Макс не смог больше заснуть. Он налил себе шампанское, оставшееся со вчерашнего, и выпил его до последней капли, не обращая внимания на то, что оно было противно теплым.
За завтраком, который подали прямо в купе, в то время как поезд проезжал мимо Борромейских островов, Макс не рассказал жене об утренней встрече. Стояла прекрасная погода, берега итальянских озер сверкали инеем. По мере движения вдоль этих голубоватых вод воспоминание о черном силуэте постепенно исчезало, как и тошнота от шампанского при каждом новом глотке чая. Он расслабился, уже без страха развалившись на подушках. Наконец он осмелился снова посмотреть на жену.

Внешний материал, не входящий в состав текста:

definition fmat :: "((real^'n) \<times> (real^'n) \<Rightarrow> real) \<Rightarrow> (real^'n) \<times> (real^'n) \<Rightarrow> real^'n^'n" where
  "fmat L p = (\<chi> \<mu> \<nu>. fmetric L \<mu> \<nu> p)"

definition finv :: "((real^'n) \<times> (real^'n) \<Rightarrow> real) \<Rightarrow> 'n \<Rightarrow> 'n \<Rightarrow> (real^'n) \<times> (real^'n) \<Rightarrow> real" where
  "finv L \<mu> \<nu> p = matrix_inv (fmat L p) $ \<mu> $ \<nu>"

definition cartan :: "((real^'n) \<times> (real^'n) \<Rightarrow> real) \<Rightarrow> 'n \<Rightarrow> 'n \<Rightarrow> 'n \<Rightarrow> (real^'n) \<times> (real^'n) \<Rightarrow> real" where
  "cartan L \<alpha> \<beta> \<gamma> p = 1/2 * pdy (fmetric L \<beta> \<gamma>) \<alpha> p"

definition cartan_up :: "((real^'n) \<times> (real^'n) \<Rightarrow> real) \<Rightarrow> 'n \<Rightarrow> 'n \<Rightarrow> 'n \<Rightarrow> (real^'n) \<times> (real^'n) \<Rightarrow> real" where
  "cartan_up L \<alpha> \<mu> \<gamma> p = (\<Sum>\<delta>\<in>UNIV. finv L \<alpha> \<delta> p * cartan L \<delta> \<mu> \<gamma> p)"

definition spray :: "((real^'n) \<times> (real^'n) \<Rightarrow> real) \<Rightarrow> 'n \<Rightarrow> (real^'n) \<times> (real^'n) \<Rightarrow> real" where
  "spray L \<alpha> p = 1/2 * (\<Sum>\<delta>\<in>UNIV. finv L \<alpha> \<delta> p *
      ((\<Sum>\<gamma>\<in>UNIV. pdx (pdy L \<delta>) \<gamma> p * (snd p $ \<gamma>)) - pdx L \<delta> p))"

definition nlconn :: "((real^'n) \<times> (real^'n) \<Rightarrow> real) \<Rightarrow> 'n \<Rightarrow> 'n \<Rightarrow> (real^'n) \<times> (real^'n) \<Rightarrow> real" where
  "nlconn L \<alpha> \<mu> p = pdy (spray L \<alpha>) \<mu> p"

definition hderiv :: "((real^'n) \<times> (real^'n) \<Rightarrow> real) \<Rightarrow> ((real^'n) \<times> (real^'n) \<Rightarrow> real) \<Rightarrow> 'n \<Rightarrow> (real^'n) \<times> (real^'n) \<Rightarrow> real" where
  "hderiv L f \<mu> p = pdx f \<mu> p - (\<Sum>\<nu>\<in>UNIV. nlconn L \<nu> \<mu> p * pdy f \<nu> p)"

definition chern_rund :: "((real^'n) \<times> (real^'n) \<Rightarrow> real) \<Rightarrow> 'n \<Rightarrow> 'n \<Rightarrow> 'n \<Rightarrow> (real^'n) \<times> (real^'n) \<Rightarrow> real" where
  "chern_rund L \<alpha> \<beta> \<gamma> p = 1/2 * (\<Sum>\<sigma>\<in>UNIV. finv L \<alpha> \<sigma> p *
      (hderiv L (fmetric L \<sigma> \<gamma>) \<beta> p + hderiv L (fmetric L \<sigma> \<beta>) \<gamma> p
       - hderiv L (fmetric L \<beta> \<gamma>) \<sigma> p))"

Мэй, такая нежная, молодая, оживленная, сидела перед ним в воздушном дезабилье. И он весь зажегся — так, как это было очень давно: может быть, во время войны, или даже раньше, в самые лихорадочные годы его юности. Он привлек ее в свои объятия, не желая, чтобы она ускользнула. Как только унесли посуду, он закрыл купе. Они не заметили долгой дороги, проехали Милан, не выходили в вагон-ресторан, не видели равнин Падуи. Только к вечеру голод умерил их пыл, и они забеспокоились, не пора ли им скоро выходить. Макс поднял занавеску: день близился к закату, отражаясь в воде, — Венеция ждала их, обледеневшая в зимнем тумане, серо-голубая, зеленая, опрокинув свой образ в воды лагуны.
* * *
В суматохе вокзала озабоченность Макса и его жены совсем не напоминала романтическое настроение молодых супругов, прибывающих в город дожей: они думали только об обеде. Оставив свой багаж лакею из отеля «Даниели», они зашли в первый попавшийся ресторан, где беспощадно расправились со всеми поданными им блюдами, немного опьянев от итальянского вина. Однако морозные улицы быстро протрезвили их, и они огляделись вокруг. Венеция готовилась к карнавалу и привела их в замешательство своим необычным видом: в витринах были выставлены костюмы разных эпох, повсюду продавались маски, десятками разложенные прямо на земле, на рваных одеялах. Здесь были и традиционные bauta, и барочные персонажи, облики античных монстров, как бы вырванные из скульптурных групп фонтанов или с фасадов палаццо, сумрачные черные полумаски и, напротив, ярко раскрашенные, все в перьях. В городе царила фривольная, немного Лихорадочная атмосфера: все предвещало неизбежность веселья среди серой монотонности дней.